I am on the hunt for the perfect scone recipe. They always seem to come out too cake-like for me. I need them dry, crumbly, and begging for a cup of hot tea. I hope these are it!


I love scones but haven’t seen one out of oats that I’ve liked yet but these look so good I think I’ll give them a try. Thanks!


Everyone on the east coast is sick too. Maybe I should take your advice immediately and stock the freezer with dough. The vitamin C will certainly help ward things off in meantime.
Thank you…

The Gardener's Eden

Hi! Just started exploring your blog, I used to think scones were like little biscuits 🙂 . this one looks lovely great recipe to try on my 2 yr old who hates oatmeal 🙂


These look delicious. Anything flavored with orange is a plus in my book 🙂

Nutmeg Nanny

I love the idea of orange in a baked good. This sounds wonderful… so quintessentially autumn, with the citrus, oats, and currants. And sugar crystals! Bookmarked 🙂


Being British, I have to say that I’m quite partial to a good scone! These sound wonderful! The orange zest is a brilliant addition!
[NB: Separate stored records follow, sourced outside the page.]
lemma det_four_block_mat_circulant:
  fixes A B :: "'a :: idom mat"
  assumes A: "A \<in> carrier_mat n n" and B: "B \<in> carrier_mat n n"
  shows "det (four_block_mat A B B A) = det (A + B) * det (A - B)"
proof -
  let ?M = "four_block_mat A B B A"
  let ?P = "four_block_mat (1\<^sub>m n) (0\<^sub>m n n) (- 1\<^sub>m n) (1\<^sub>m n) :: 'a mat"
  let ?Q = "four_block_mat (1\<^sub>m n) (0\<^sub>m n n) (1\<^sub>m n) (1\<^sub>m n) :: 'a mat"
  have carrier: "?P \<in> carrier_mat (n + n) (n + n)" "?M \<in> carrier_mat (n + n) (n + n)"
    "?Q \<in> carrier_mat (n + n) (n + n)"
    using A B by auto
  have "?P * ?M = four_block_mat A B (B - A) (A - B)"
    using A B by (subst mult_four_block_mat[of _ n n]) (auto intro!: cong_four_block_mat)
  moreover have "four_block_mat A B (B - A) (A - B) * ?Q = four_block_mat (A + B) B (0\<^sub>m n n) (A - B)"
    using A B by (subst mult_four_block_mat[of _ n n]) (auto intro!: cong_four_block_mat)
  moreover have "det (four_block_mat (A + B) B (0\<^sub>m n n) (A - B)) = det (A + B) * det (A - B)"
    using A B by (intro det_four_block_mat_lower_left_zero[of _ n]) auto
  moreover have "det (?P * ?M * ?Q) = det ?P * det ?M * det ?Q"
    using det_mult[OF mult_carrier_mat[OF carrier(1,2)] carrier(3)] det_mult[OF carrier(1,2)]
    by simp
  moreover have "det ?P = 1" "det ?Q = 1"
    by (simp_all add: det_four_block_mat_upper_right_zero[of _ n _ n])
  ultimately show ?thesis by simp
qed

definition bordered_mat :: "nat \<Rightarrow> (nat \<Rightarrow> 'a) \<Rightarrow> (nat \<Rightarrow> 'a) \<Rightarrow> 'a :: comm_ring_1 mat" where
  "bordered_mat n d w =
    four_block_mat (mat_diag n d) (mat n 1 (\<lambda>(i, _). w i)) (mat 1 n (\<lambda>_. 1)) (1\<^sub>m 1)"

lemma bordered_mat_carrier: "bordered_mat n d w \<in> carrier_mat (n + 1) (n + 1)"
  unfolding bordered_mat_def by (intro four_block_carrier_mat) auto

lemma det_bordered_mat:
  fixes d w :: "nat \<Rightarrow> 'a :: idom"
  shows "det (bordered_mat n d w) = det (mat_diag n d - mat n n (\<lambda>(i, j). w i))"
proof -
  define D where "D = mat_diag n d"
  define W where "W = mat n 1 (\<lambda>(i, _). w i)"
  define U where "U = mat 1 n (\<lambda>_. 1 :: 'a)"
  let ?L = "four_block_mat (1\<^sub>m n) (- W) (0\<^sub>m 1 n) (1\<^sub>m 1)"
  have carrier: "D \<in> carrier_mat n n" "W \<in> carrier_mat n 1" "U \<in> carrier_mat 1 n"
    by (simp_all add: D_def W_def U_def)
  have "W * U = mat n n (\<lambda>(i, j). w i)"
    by (rule eq_matI) (auto simp: W_def U_def scalar_prod_def)
  then have L_mult: "?L * bordered_mat n d w =
      four_block_mat (D - mat n n (\<lambda>(i, j). w i)) (0\<^sub>m n 1) U (1\<^sub>m 1)"
    unfolding bordered_mat_def D_def[symmetric] W_def[symmetric] U_def[symmetric] using carrier
    by (subst mult_four_block_mat[OF one_carrier_mat uminus_carrier_mat[OF carrier(2)]
          zero_carrier_mat one_carrier_mat carrier one_carrier_mat])
      (auto intro!: cong_four_block_mat)
  have "det (?L * bordered_mat n d w) = det ?L * det (bordered_mat n d w)"
    using carrier by (intro det_mult[OF _ bordered_mat_carrier]) auto
  moreover have "det ?L = 1"
    using carrier by (subst det_four_block_mat_lower_left_zero[of _ n]) auto
  moreover have "det (?L * bordered_mat n d w) = det (D - mat n n (\<lambda>(i, j). w i))"
    unfolding L_mult using carrier by (subst det_four_block_mat_upper_right_zero[of _ n]) auto
  ultimately show ?thesis
    by (simp add: D_def)
qed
Quick questions: Whole oats as in steel cut or old fashioned? The picture looks like old-fashioned, but I want to be sure before I try these. Thanks. Roberta
HS: Sorry for the confusion Roberta, I used old-fashioned rolled oats.

Roberta Hershon

These look lovely. I adore scones and I think they are so underappreciated in America. I can’t wait to try these out.


These sound fantastic!

christie @ honoring health

Scones are my absolute favorite! It’s my favorite food to have in the morning w/coffee 🙂
I’ve never actually made them from scratch… don’t know why, but I’ve always felt intimidated by scones… Your recipe looks great! I need to give it a try!

Estela @ Weekly Bite

Wow, those look absolutely beautiful, perfect and delicious! Glad to hear you’re feeling better!

Simply Life

There’s something very refreshing about orange with oats. It sounds mildly astringent and yet enough grain to satisfy. We have an expert scone maker here on Hornby Island who specializes in ginger scones. I’ll have to turn him on to these orange scones to add to the repertoire.

Rachelle Chinnery

These look amazing! I made vegan Lemon Blueberry Scones recently and might need to adapt the recipe to this great flavor combination!
Here are my vegan Lemon Blueberry Scones. Yum! Anna

Two Blue Lemons

These look beautiful! Did you find the dough was very crumbly when you made it? I made blueberry scones earlier this Fall and I ended up with very sticky, moist dough and had to add lots of flour to counteract that. Even still, they were almost too sticky b/c the scones ended up very dense. Either way, I think this might be my next scone recipe! 🙂
HS: Hi Katherine, the original recipe calls for 3/4 cup buttermilk, and the dough was too crumbly. That sometimes happens when I switch to a whole wheat flour. Anyhow, I just added more buttermilk until the dough came together – ended up using 1 cup total.